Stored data
* * *

lemma square_deriv_growth:
  fixes f' f'' :: "real \<Rightarrow> real"
  assumes der: "\<And>s. s \<in> {a..b} \<Longrightarrow> (f' has_real_derivative f'' s) (at s within {a..b})"
    and cont: "continuous_on {a..b} f''" and "A > 0" and "\<alpha> \<ge> 0" and "p \<le> a" and "b \<le> q"
    and lower: "(\<forall>s\<in>{a..b}. A * (s - p) powr \<alpha> \<le> \<bar>f' s * f'' s\<bar>)
             \<or> (\<forall>s\<in>{a..b}. A * (q - s) powr \<alpha> \<le> \<bar>f' s * f'' s\<bar>)"
  obtains \<sigma> :: real where "\<sigma> \<in> {-1, 1}"
    and "\<And>u v. a \<le> u \<Longrightarrow> u \<le> v \<Longrightarrow> v \<le> b \<Longrightarrow>
           2 * A / (\<alpha> + 1) * (v - u) powr (\<alpha> + 1) \<le> \<sigma> * (f' v ^ 2 - f' u ^ 2)"
proof -
  have cont_f': "continuous_on {a..b} f'"
    unfolding continuous_on_eq_continuous_within using DERIV_continuous[OF der] by blast
  have deriv_sq: "((\<lambda>s. f' s ^ 2) has_real_derivative 2 * (f' s * f'' s)) (at s)"
    if "a < s" "s < b" for s
  proof -
    have "(f' has_real_derivative f'' s) (at s within {a..b})"
      using der that by auto
    then have "(f' has_real_derivative f'' s) (at s)"
      using that by (simp add: at_within_Icc_at)
    then show ?thesis by (auto intro!: derivative_eq_intros)
  qed
  have nonzero: "f' s * f'' s \<noteq> 0" if "s \<in> {a<..<b}" for s
  proof -
    have "0 < A * (s - p) powr \<alpha>" "0 < A * (q - s) powr \<alpha>"
      using that \<open>p \<le> a\<close> \<open>b \<le> q\<close> \<open>A > 0\<close> by auto
    moreover have "s \<in> {a..b}" using that by simp
    ultimately have "0 < \<bar>f' s * f'' s\<bar>" using lower by (meson order_less_le_trans)
    then show ?thesis by simp
  qed
  have cont_product: "continuous_on {a<..<b} (\<lambda>s. f' s * f'' s)"
    by (intro continuous_intros continuous_on_subset[OF cont_f'] continuous_on_subset[OF cont]) auto
  then obtain \<sigma> where \<sigma>: "\<sigma> \<in> {-1, 1}"
    and \<sigma>_abs: "\<And>s. s \<in> {a<..<b} \<Longrightarrow> \<sigma> * (f' s * f'' s) = \<bar>f' s * f'' s\<bar>"
    using connected_nonvanishing_sign[OF connected_Ioo cont_product nonzero] by blast
  show thesis
  proof (rule that[OF \<sigma>])
    fix u v assume uv: "a \<le> u" "u \<le> v" "v \<le> b"
    have "A / (\<alpha> + 1) * (v - u) powr (\<alpha> + 1) \<le> \<sigma> * f' v ^ 2 / 2 - \<sigma> * f' u ^ 2 / 2"
    proof (rule power_growth_increment[OF order_trans[OF \<open>p \<le> a\<close> uv(1)] uv(2)
                order_trans[OF uv(3) \<open>b \<le> q\<close>], where g' = "\<lambda>s. \<bar>f' s * f'' s\<bar>"])
      show "A \<ge> 0" using \<open>A > 0\<close> by simp
      show "continuous_on {u..v} (\<lambda>s. \<sigma> * f' s ^ 2 / 2)"
        using uv by (intro continuous_intros continuous_on_subset[OF cont_f']) auto
      show "((\<lambda>s. \<sigma> * f' s ^ 2 / 2) has_real_derivative \<bar>f' s * f'' s\<bar>) (at s)"
        if "u < s" "s < v" for s
      proof -
        have "((\<lambda>s. \<sigma> * f' s ^ 2 / 2) has_real_derivative \<sigma> * (2 * (f' s * f'' s)) / 2) (at s)"
          using deriv_sq that uv by (intro DERIV_cmult DERIV_cdivide) auto
        moreover have "\<sigma> * (2 * (f' s * f'' s)) / 2 = \<bar>f' s * f'' s\<bar>"
          using \<sigma>_abs that uv by simp
        ultimately show ?thesis by (simp only:)
      qed
      have "{u<..<v} \<subseteq> {a..b}" using uv by auto
      then show "(\<forall>s\<in>{u<..<v}. A * (s - p) powr \<alpha> \<le> \<bar>f' s * f'' s\<bar>)
          \<or> (\<forall>s\<in>{u<..<v}. A * (q - s) powr \<alpha> \<le> \<bar>f' s * f'' s\<bar>)"
        using lower by blast
    qed fact
    then show "2 * A / (\<alpha> + 1) * (v - u) powr (\<alpha> + 1) \<le> \<sigma> * (f' v ^ 2 - f' u ^ 2)"
      by (simp add: field_simps)
  qed
qed

lemma spread_le_imp_cover:
  fixes S :: "real set"
  assumes "d \<ge> 0" and "\<And>x y. x \<in> S \<Longrightarrow> y \<in> S \<Longrightarrow> x \<le> y \<Longrightarrow> y - x \<le> d"
  shows "\<exists>T\<in>sets lborel. S \<subseteq> T \<and> emeasure lborel T \<le> ennreal (2 * d)"
proof (cases "S = {}")
  case True
  then show ?thesis by (intro bexI[of _ "{}"]) auto
next
  case False
  then obtain x where "x \<in> S" by auto
  have "S \<subseteq> {x - d..x + d}"
  proof
    fix y assume "y \<in> S"
    then show "y \<in> {x - d..x + d}"
      using assms(2)[of x y] assms(2)[of y x] \<open>x \<in> S\<close> \<open>d \<ge> 0\<close> by (cases "x \<le> y") auto
  qed
  then show ?thesis using \<open>d \<ge> 0\<close> by (intro bexI[of _ "{x - d..x + d}"]) auto
qed

lemma DERIV_abs_ge_imp_abs_diff_ge:
  fixes f f' :: "real \<Rightarrow> real"
  assumes "x \<le> y"
    and "\<And>z. z \<in> {x..y} \<Longrightarrow> (f has_real_derivative f' z) (at z within {x..y})"
    and "\<And>z. z \<in> {x..y} \<Longrightarrow> \<epsilon> \<le> \<bar>f' z\<bar>"
  shows "\<epsilon> * (y - x) \<le> \<bar>f y - f x\<bar>"
proof (cases "x = y")
  case False
  then have "x < y" using \<open>x \<le> y\<close> by simp
  then obtain z where z: "z \<in> {x<..<y}" "f y - f x = f' z * (y - x)"
    using mvt_simple[of x y f "\<lambda>z h. f' z * h"] assms(2)
    by (auto simp: has_field_derivative_def)
  then have "\<epsilon> * (y - x) \<le> \<bar>f' z\<bar> * (y - x)"
    using assms(3) \<open>x < y\<close> by (intro mult_right_mono) auto
  also have "\<dots> = \<bar>f y - f x\<bar>" using z \<open>x < y\<close> by (simp add: abs_mult)
  finally show ?thesis .
qed simp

* * *

WHAT TO PRODUCE |
Scan the data above for the string "lower". Copy every line in which it appears.

SOLUTION FOR THIS EXERCISE |
    and lower: "(\<forall>s\<in>{a..b}. A * (s - p) powr \<alpha> \<le> \<bar>f' s * f'' s\<bar>)
    ultimately have "0 < \<bar>f' s * f'' s\<bar>" using lower by (meson order_less_le_trans)
        using lower by blast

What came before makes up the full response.